Identifiziert mit unseren Rollen

Jeder von uns hat unzählig viele Rollen und Identifizierungen, deren Gesamtheit wir als „Ich“ oder „unser Selbst“ bezeichnen. Das geht von unserer Rolle im Beruf („Ich bin Lehrer“) über die Familie („Ich bin Mutter“) bis zu unseren Vorlieben und Abneigungen („Ich liebe italienische Küche“,„Mit großen Partys kann man mich jagen“). Wenn diese Rollen infrage gestellt oder angegriffen werden, fühlt sich das schnell wie ein persönlicher Angriff an. Wenn jemand hier meine Kompetenz anzweifelt, fühle ich mich gekränkt. Mütter, die arbeiten, fühlen sich von Müttern, die den Beruf aufgegeben haben, angegriffen und umgekehrt. Wir schaffen ein Selbst, ein „Das bin ich“, und dann verteidigen wir es gegen Angriffe. Was ist dieses Selbst, das, womit ich mich gerade identifiziere? Das ändert sich. Vielleicht habe ich mich jahrelang als zufriedener Single verstanden und jetzt bin ich glücklich verheiratet? Ich war lange gesund und jetzt habe ich eine chronische Krankheit? Gibt es etwas, was all diese Wechsel überlebt und beständig ist? Wenn der Buddha gefragt wurde, ob es ein beständiges Selbst gäbe oder nicht, hat er entweder gar nicht geantwortet oder gesagt, die Frage sei falsch gestellt. Fragen dieser Art stürzten uns nur in philosophische Verwirrung, ließen die wesentliche Frage jedoch unbeantwortet.

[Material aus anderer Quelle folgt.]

(* Let $\lambda=1$ and let $T_1,T_2,T_3$ be $0$-currents in $\mathbb{R}^d$, each consisting of a single point mass of multiplicity $+1$ (so each has mass $1$ and positive orientation), located at three points whose pairwise distances all exceed $4$. Then the unique minimizer over integral $0$-currents $T$ of $\sum_{i=1}^3\mathbb{F}_1(T-T_i)$ is the zero (empty) $0$-current.
   Context: Integral $0$-currents are finite integer combinations of signed point masses. For a $0$-current $H$, $\mathbb{F}_\lambda(H)=\inf_{S}\operatorname{M}(H-\partial S)+\lambda\operatorname{M}(S)$, the infimum over $1$-currents $S$ in $\mathbb{R}^d$, where $\operatorname{M}$ denotes mass. The minimizer of $T\mapsto\sum_i\mathbb{F}_\lambda(T-T_i)$ over integral currents is called the median of the $T_i$. *)

theory Defs
  imports "HOL-Analysis.Analysis"
begin

text \<open>Currents in a Euclidean space 'a (= R^d) in the sense of de Rham:
 0-currents act on smooth compactly supported real functions (0-forms),
 1-currents act on smooth compactly supported vector fields (1-forms, identified
 with vector fields via the inner product).\<close>

fun Ck :: "nat \<Rightarrow> ('a::euclidean_space \<Rightarrow> real) set" where
  "Ck 0 = {f. continuous_on UNIV f}"
| "Ck (Suc k) = {f. (\<forall>x. f differentiable (at x)) \<and> continuous_on UNIV f \<and>
      (\<forall>i\<in>Basis. (\<lambda>x. frechet_derivative f (at x) i) \<in> Ck k)}"

definition smooth_fun :: "('a::euclidean_space \<Rightarrow> real) \<Rightarrow> bool" where
  "smooth_fun f \<longleftrightarrow> (\<forall>k. f \<in> Ck k)"

definition test0 :: "('a::euclidean_space \<Rightarrow> real) set" where
  "test0 = {f. smooth_fun f \<and> compact (closure {x. f x \<noteq> 0})}"

definition test1 :: "('a::euclidean_space \<Rightarrow> 'a) set" where
  "test1 = {w. (\<forall>i\<in>Basis. smooth_fun (\<lambda>x. w x \<bullet> i)) \<and> compact (closure {x. w x \<noteq> 0})}"

definition current1 :: "(('a::euclidean_space \<Rightarrow> 'a) \<Rightarrow> real) \<Rightarrow> bool" where
  "current1 S \<longleftrightarrow> (\<forall>w\<in>test1. \<forall>v\<in>test1. \<forall>a b.
      S (\<lambda>x. a *\<^sub>R w x + b *\<^sub>R v x) = a * S w + b * S v)"

definition grad :: "('a::euclidean_space \<Rightarrow> real) \<Rightarrow> 'a \<Rightarrow> 'a" where
  "grad f = (\<lambda>x. \<Sum>i\<in>Basis. frechet_derivative f (at x) i *\<^sub>R i)"

definition bdry :: "(('a::euclidean_space \<Rightarrow> 'a) \<Rightarrow> real) \<Rightarrow> ('a \<Rightarrow> real) \<Rightarrow> real" where
  "bdry S = (\<lambda>f. S (grad f))"

definition mass0 :: "(('a::euclidean_space \<Rightarrow> real) \<Rightarrow> real) \<Rightarrow> ereal" where
  "mass0 H = (SUP f\<in>{f\<in>test0. \<forall>x. \<bar>f x\<bar> \<le> 1}. ereal (H f))"

definition mass1 :: "(('a::euclidean_space \<Rightarrow> 'a) \<Rightarrow> real) \<Rightarrow> ereal" where
  "mass1 S = (SUP w\<in>{w\<in>test1. \<forall>x. norm (w x) \<le> 1}. ereal (S w))"

definition flat :: "real \<Rightarrow> (('a::euclidean_space \<Rightarrow> real) \<Rightarrow> real) \<Rightarrow> ereal" where
  "flat lam H = (INF S\<in>{S. current1 S}.
      mass0 (\<lambda>f. H f - bdry S f) + ereal lam * mass1 S)"

text \<open>Integral 0-currents: finitely supported integer multiplicities on points.\<close>
definition integral0 :: "('a \<Rightarrow> int) \<Rightarrow> bool" where
  "integral0 T \<longleftrightarrow> finite {x. T x \<noteq> 0}"

definition cur0 :: "('a \<Rightarrow> int) \<Rightarrow> ('a \<Rightarrow> real) \<Rightarrow> real" where
  "cur0 T = (\<lambda>f. \<Sum>x\<in>{x. T x \<noteq> 0}. of_int (T x) * f x)"

definition pt :: "'a \<Rightarrow> 'a \<Rightarrow> int" where
  "pt p = (\<lambda>x. if x = p then 1 else 0)"

definition median_obj :: "real \<Rightarrow> ('a::euclidean_space \<Rightarrow> int) list \<Rightarrow> ('a \<Rightarrow> int) \<Rightarrow> ereal" where
  "median_obj lam Ts T = (\<Sum>Ti\<leftarrow>Ts. flat lam (cur0 (\<lambda>x. T x - Ti x)))"

end

theory Submission
  imports Defs "HOL-Computational_Algebra.Polynomial"
begin

text \<open>Testing against a smooth compactly supported \<open>f\<close> with \<open>\<bar>f\<bar> \<le> 1\<close> and \<open>\<parallel>grad f\<parallel> \<le> 1\<close> gives
  \<open>\<FF>\<^sub>1(H) \<ge> H(f)\<close>, while \<open>S = 0\<close> gives \<open>\<FF>\<^sub>1(-\<delta>\<^sub>p) \<le> 1\<close>, so the objective at \<open>0\<close> is at most \<open>3\<close>.
  For an integral \<open>T\<close>, test \<open>T - \<delta>\<^sub>p\<^sub>i\<close> with
  \<open>f\<^sub>i = -\<beta>\<^sub>p\<^sub>i + \<beta>\<^sub>p\<^sub>j/2 + \<beta>\<^sub>p\<^sub>k/2 + u\<^sub>i \<gamma>\<close>, where the \<open>\<beta>\<^sub>p\<close> are radial cut-offs of radius \<open>b > 2\<close>
  whose gradients have norm below \<open>1\<close> (their supports are disjoint because the points are
  more than \<open>4\<close> apart) and \<open>\<gamma>\<close> is a tiny bump at a point \<open>x0\<close> of the support of \<open>T\<close>.
  The cut-offs cancel in \<open>f\<^sub>1 + f\<^sub>2 + f\<^sub>3\<close> and \<open>f\<^sub>i(p\<^sub>i) = -1\<close>, so the objective at \<open>T\<close> is at least
  \<open>3 + (u\<^sub>1 + u\<^sub>2 + u\<^sub>3) T(x0) \<gamma>(x0)\<close>; giving the \<open>u\<^sub>i\<close> the sign of \<open>T(x0)\<close> makes this exceed \<open>3\<close>
  unless \<open>T = 0\<close>.\<close>

section \<open>Smooth functions\<close>

abbreviation partial_deriv :: "('a::euclidean_space \<Rightarrow> real) \<Rightarrow> 'a \<Rightarrow> 'a \<Rightarrow> real" where
  "partial_deriv f i \<equiv> (\<lambda>x. frechet_derivative f (at x) i)"

lemma frechet_derivative_apply:
  "(f has_derivative f') (at x) \<Longrightarrow> frechet_derivative f (at x) i = f' i"
  by (metis frechet_derivative_at)

lemma continuous_on_UNIV_if_differentiable:
  "(\<forall>x. f differentiable (at x)) \<Longrightarrow> continuous_on UNIV f"
  by (simp add: differentiable_imp_continuous_within continuous_at_imp_continuous_on)

lemma Ck_SucI:
  assumes "\<And>x. (f has_derivative f' x) (at x)" and "\<And>i. i \<in> Basis \<Longrightarrow> (\<lambda>x. f' x i) \<in> Ck k"
  shows "f \<in> Ck (Suc k)"
proof -
  have diff: "\<forall>x. f differentiable (at x)"
    using assms(1) by (auto simp: differentiable_def)
  have "partial_deriv f i = (\<lambda>x. f' x i)" for i
    by (rule ext, rule frechet_derivative_apply[OF assms(1)])
  then show ?thesis
    using assms(2) diff continuous_on_UNIV_if_differentiable[OF diff] by simp
qed

lemma Ck_Suc_imp_Ck: "f \<in> Ck (Suc k) \<Longrightarrow> f \<in> Ck k"
proof (induction k arbitrary: f)
  case 0
  then show ?case by simp
next
  case (Suc k)
  then show ?case by (simp del: Ck.simps(1))
qed

lemma Ck_const: "(\<lambda>x::'a::euclidean_space. c) \<in> Ck k"
  by (induction k arbitrary: c) (auto intro!: Ck_SucI)

lemma Ck_add: "f \<in> Ck k \<Longrightarrow> g \<in> Ck k \<Longrightarrow> (\<lambda>x. f x + g x) \<in> Ck k"
proof (induction k arbitrary: f g)
  case 0
  then show ?case by (auto intro: continuous_on_add)
next
  case (Suc k)
  then have "\<And>x. (f has_derivative frechet_derivative f (at x)) (at x)"
    and "\<And>x. (g has_derivative frechet_derivative g (at x)) (at x)"
    by (auto simp: frechet_derivative_works)
  then show ?case
    using Suc by (intro Ck_SucI[where f'="\<lambda>x h. frechet_derivative f (at x) h + frechet_derivative g (at x) h"])
      (auto intro: has_derivative_add)
qed

lemma Ck_mult: "f \<in> Ck k \<Longrightarrow> g \<in> Ck k \<Longrightarrow> (\<lambda>x. f x * g x) \<in> Ck k"
proof (induction k arbitrary: f g)
  case 0
  then show ?case by (auto intro: continuous_on_mult)
next
  case (Suc k)
  then have "\<And>x. (f has_derivative frechet_derivative f (at x)) (at x)"
    and "\<And>x. (g has_derivative frechet_derivative g (at x)) (at x)"
    by (auto simp: frechet_derivative_works)
  then have "((\<lambda>x. f x * g x) has_derivative
      (\<lambda>h. f x * frechet_derivative g (at x) h + frechet_derivative f (at x) h * g x)) (at x)" for x
    by (rule has_derivative_mult)
  moreover have "(\<lambda>x. f x * partial_deriv g i x + partial_deriv f i x * g x) \<in> Ck k" if "i \<in> Basis" for i
  proof -
    have "f \<in> Ck k" "g \<in> Ck k" "partial_deriv f i \<in> Ck k" "partial_deriv g i \<in> Ck k"
      using Suc.prems that by (auto intro: Ck_Suc_imp_Ck)
    then show ?thesis by (intro Ck_add Suc.IH)
  qed
  ultimately show ?case by (rule Ck_SucI)
qed

lemma Ck_inner_affine: "(\<lambda>x::'a::euclidean_space. x \<bullet> v + c) \<in> Ck k"
proof (induction k arbitrary: c)
  case 0
  then show ?case by (auto intro!: continuous_intros)
next
  case (Suc k)
  show ?case
    by (rule Ck_SucI[where f'="\<lambda>x h. h \<bullet> v"]) (auto intro!: derivative_eq_intros Ck_const)
qed

lemma smooth_fun_partial_deriv:
  assumes "smooth_fun f" "i \<in> Basis"
  shows "smooth_fun (partial_deriv f i)"
  unfolding smooth_fun_def
proof
  fix k
  have "f \<in> Ck (Suc k)" using assms(1) unfolding smooth_fun_def by blast
  then show "partial_deriv f i \<in> Ck k" using assms(2) by simp
qed

lemma smooth_fun_has_derivative:
  assumes "smooth_fun f"
  shows "(f has_derivative frechet_derivative f (at x)) (at x)"
proof -
  have "f \<in> Ck (Suc 0)" using assms unfolding smooth_fun_def by blast
  then show ?thesis by (simp add: frechet_derivative_works)
qed

lemma smooth_funI_Ck_Suc: "(\<And>k. f \<in> Ck (Suc k)) \<Longrightarrow> smooth_fun f"
  unfolding smooth_fun_def using Ck_Suc_imp_Ck by blast

lemma smooth_fun_const: "smooth_fun (\<lambda>x::'a::euclidean_space. c)"
  by (simp add: smooth_fun_def Ck_const)

lemma smooth_fun_add: "smooth_fun f \<Longrightarrow> smooth_fun g \<Longrightarrow> smooth_fun (\<lambda>x. f x + g x)"
  unfolding smooth_fun_def by (blast intro: Ck_add)

lemma smooth_fun_mult: "smooth_fun f \<Longrightarrow> smooth_fun g \<Longrightarrow> smooth_fun (\<lambda>x. f x * g x)"
  unfolding smooth_fun_def by (blast intro: Ck_mult)

lemma smooth_fun_cmult: "smooth_fun f \<Longrightarrow> smooth_fun (\<lambda>x. c * f x)"
  by (rule smooth_fun_mult[OF smooth_fun_const])

lemma smooth_fun_inner_affine: "smooth_fun (\<lambda>x::'a::euclidean_space. x \<bullet> v + c)"
  by (simp add: smooth_fun_def Ck_inner_affine)

lemma smooth_fun_sqdist: "smooth_fun (\<lambda>x::'a::euclidean_space. (x - p) \<bullet> (x - p))"
proof (rule smooth_funI_Ck_Suc)
  fix k
  have "(\<lambda>x. x \<bullet> (2 *\<^sub>R i) - 2 * (p \<bullet> i)) \<in> Ck k" for i :: 'a
    using Ck_inner_affine[of "2 *\<^sub>R i" "- 2 * (p \<bullet> i)" k] by simp
  then show "(\<lambda>x::'a. (x - p) \<bullet> (x - p)) \<in> Ck (Suc k)"
    by (intro Ck_SucI[where f'="\<lambda>x h. 2 * ((x - p) \<bullet> h)"])
      (auto intro!: derivative_eq_intros simp: inner_commute inner_diff_left inner_diff_right)
qed

lemma linear_real_apply: "linear (L::real \<Rightarrow> real) \<Longrightarrow> L h = h * L 1"
  by (metis linear_scale mult.commute mult.right_neutral real_scaleR_def)

lemma smooth_fun_compose:
  fixes q :: "'a::euclidean_space \<Rightarrow> real"
  assumes q: "smooth_fun q" and G: "smooth_fun (G::real \<Rightarrow> real)"
  shows "smooth_fun (\<lambda>x. G (q x))"
proof -
  have "(\<lambda>x. G (q x)) \<in> Ck k" if "smooth_fun G" for k and G :: "real \<Rightarrow> real"
    using that
  proof (induction k arbitrary: G)
    case 0
    have "G \<in> Ck 0" "q \<in> Ck 0"
      using 0 q unfolding smooth_fun_def by blast+
    then have "continuous_on UNIV G" "continuous_on UNIV q" by simp_all
    then show ?case using continuous_on_compose2[of UNIV G UNIV q] by simp
  next
    case (Suc k)
    have chain: "((\<lambda>x. G (q x)) has_derivative
        (\<lambda>h. frechet_derivative q (at x) h * partial_deriv G 1 (q x))) (at x)" for x
    proof -
      have "linear (frechet_derivative G (at (q x)))"
        using smooth_fun_has_derivative[OF Suc.prems] by (rule has_derivative_linear)
      then have eq: "frechet_derivative G (at (q x)) \<circ> frechet_derivative q (at x) =
          (\<lambda>h. frechet_derivative q (at x) h * partial_deriv G 1 (q x))"
        by (intro ext) (simp add: linear_real_apply[of _ "frechet_derivative q (at x) _"])
      have "((G \<circ> q) has_derivative frechet_derivative G (at (q x)) \<circ> frechet_derivative q (at x)) (at x)"
        by (rule diff_chain_at[OF smooth_fun_has_derivative[OF q] smooth_fun_has_derivative[OF Suc.prems]])
      then show ?thesis by (simp only: eq comp_def[of G q])
    qed
    have "(\<lambda>x. partial_deriv q i x * partial_deriv G 1 (q x)) \<in> Ck k" if "i \<in> Basis" for i
    proof (rule Ck_mult)
      show "partial_deriv q i \<in> Ck k"
        using smooth_fun_partial_deriv[OF q that] unfolding smooth_fun_def by blast
      show "(\<lambda>x. partial_deriv G 1 (q x)) \<in> Ck k"
        using smooth_fun_partial_deriv[OF Suc.prems, of 1] by (intro Suc.IH) simp
    qed
    then show ?case by (intro Ck_SucI[OF chain])
  qed
  then show ?thesis using G by (simp add: smooth_fun_def)
qed

lemma smooth_fun_compose_affine: "smooth_fun G \<Longrightarrow> smooth_fun (\<lambda>s::real. G (k * s + c))"
  using smooth_fun_compose[OF smooth_fun_inner_affine[of k c]] by (simp add: mult.commute)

Das hat nichts mit Gleichgültigkeit zu tun

Die wichtigste Frage, die wir uns stellen sollten: Was, das ich tue oder lasse, führt zu beständigem Glück und Wohlergehen? Zu wissen, ob das Selbst beständig ist oder nicht, bringt uns dauerhaftem Glück nicht näher. Anders ist es, wenn wir unsere Wahrnehmungen, Überzeugungen und die Handlungen, die daraus folgen, in Augenschein nehmen. Führen sie mich und letztlich alle anderen zu mehr Freundlichkeit, Gelassenheit und innerer Freiheit oder nicht? Bezogen auf unser Thema: Ist es hilfreich, wenn ich das jetzt persönlich nehme, oder nicht? Wenn ich etwas nicht persönlich nehme, heißt das nicht, dass es mir egal wäre oder ich es weiter geschehen ließe. Es heißt nur, dass ich den Aufprall für mich selbst abfange oder wenigstens abmildere. Ich praktiziere das aus Respekt und Mitgefühl mir selbst gegenüber. Der Dalai Lama zitiert gerne die alte buddhistische Weisheit: „Wenn du etwas ändern kannst, dann brauchst du dich nicht darüber zu ärgern oder deswegen zu sorgen, sondern du änderst es einfach. Und wenn du etwas nicht ändern kannst, hat es keinen Sinn, dich darüber zu ärgern oder deswegen zu sorgen.“ Leichter gesagt als getan, aber eine gute Erinnerung.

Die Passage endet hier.